Many opportunities for spoofing can be removed by using a case-folded format. This format, defined by the Unicode Standard, produces a string that only contains lowercase characters where possible.
However, there is one particular situation where the pure case-folded format of a string as defined by the standard is not desired. The character U+03A3 "Σ" capital sigma lowercases to U+03C3 "σ" small sigma if it is followed by another letter, but lowercases to U+03C2 "ς" small final sigma if it is not. Because both σ and ς have a case-insensitive match to Σ, and the case folding algorithm needs to map both of them together (so that transitivity is maintained), only one of them appears in the case-folded form.
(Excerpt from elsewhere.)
(* Let $0\le b\le1$, $M>0$ and $0\le\alpha<1$, and let $r_0=r_0(\alpha)$ be the real root in $(0,1)$ of the equation \[M(1-\alpha+\alpha r)=\big((1+M)(1-\alpha)-(2-\alpha)(2b-M)r\big)(1-r)^2.\] Let $\mathcal{F}$ be the class of functions $f\in\mathcal{A}_b$, $f(z)=z+\sum_{n\ge2}a_nz^n$, with $|a_n|\le M$ for all $n\ge3$. Then: (i) every $f\in\mathcal{F}$ satisfies $\left|\frac{zf'(z)}{f(z)}-1\right|\le1-\alpha$ for $|z|\le r_0$; (ii) $r_0(\alpha)$ is the radius of starlikeness of order $\alpha$ of $\mathcal{F}$; (iii) $r_0(1/2)$ is the radius of parabolic starlikeness of $\mathcal{F}$. All results are sharp: the function $f_0(z)=z-2bz^2-\frac{Mz^3}{1-z}=z-2bz^2-M\sum_{n\ge3}z^n$ belongs to $\mathcal{F}$ and satisfies $\left|\frac{zf_0'(z)}{f_0(z)}-1\right|=1-\alpha$ and $\operatorname{Re}\frac{zf_0'(z)}{f_0(z)}=\alpha$ at $z=r_0$.
   Context: $\mathbb{D}=\{z\in\mathbb{C}:|z|<1\}$. For $0\le b\le1$, $\mathcal{A}_b$ is the class of analytic functions $f$ on $\mathbb{D}$ of the form $f(z)=z+a_2z^2+a_3z^3+\cdots$ with $|a_2|=2b$. For a class $\mathcal{F}$ of analytic functions on $\mathbb{D}$ normalized by $f(0)=0$, $f'(0)=1$, and $0\le\alpha<1$, the radius of starlikeness of order $\alpha$ of $\mathcal{F}$ is the supremum of $r\in(0,1]$ such that every $f\in\mathcal{F}$ satisfies $f(z)\ne0$ for $0<|z|<r$ and $\operatorname{Re}\big(zf'(z)/f(z)\big)>\alpha$ for $|z|<r$ (the quotient being $1$ at $z=0$). The radius of parabolic starlikeness of $\mathcal{F}$ is the supremum of $r\in(0,1]$ such that every $f\in\mathcal{F}$ satisfies $\operatorname{Re}\big(zf'(z)/f(z)\big)>\left|zf'(z)/f(z)-1\right|$ for $|z|<r$. *)

theory Defs
  imports "HOL-Analysis.Analysis"
begin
When the case-folded format of a string is to be displayed to the user, it should be processed so as to choose the proper form for the small sigma, depending on the context. That is provided in Table 3-13 of [Unicode], where C = σ. For more information on case mapping and folding, see the following: Section 3.13 Default Case Operations of [Unicode], Section 4.2 Case Normative of [Unicode], and Section 5.18 Case Mappings of [Unicode].
A number of characters are included in Unicode for compatibility. What is called Compatibility Normalization (NFKC) can be used to map these characters to the regular variants (this is what is done in IDNA). For example, a half-width Japanese katakana character カ is mapped to the regular character カ. Additional mappings can be added to this, for example, IDNA adds additional mappings such as:
200D; ZERO WIDTH JOINER
maps to nothing (that is, is
removed)
0041; 0061;
Case maps 'A' to 'a'
20A8; 0072 0073;
Additional folding, mapping ₨
to "rs"
In addition, characters may be prohibited. For example, IDNA prohibits space and no-break space (U+00A0). Instead, for example, of removing a ZERO WIDTH JOINER, or mapping ₨ to "rs", one could prohibit these characters. There are pluses and minuses to both approaches. If compatibility characters are widely used in practice, in entering text, then it is much more user-friendly to remap them. This also extends to deletion; for example, the ZERO WIDTH JOINER is commonly used to affect the presentation of characters in languages such as Hindi or Arabic. In this case, text copied into the address box may often contain the character.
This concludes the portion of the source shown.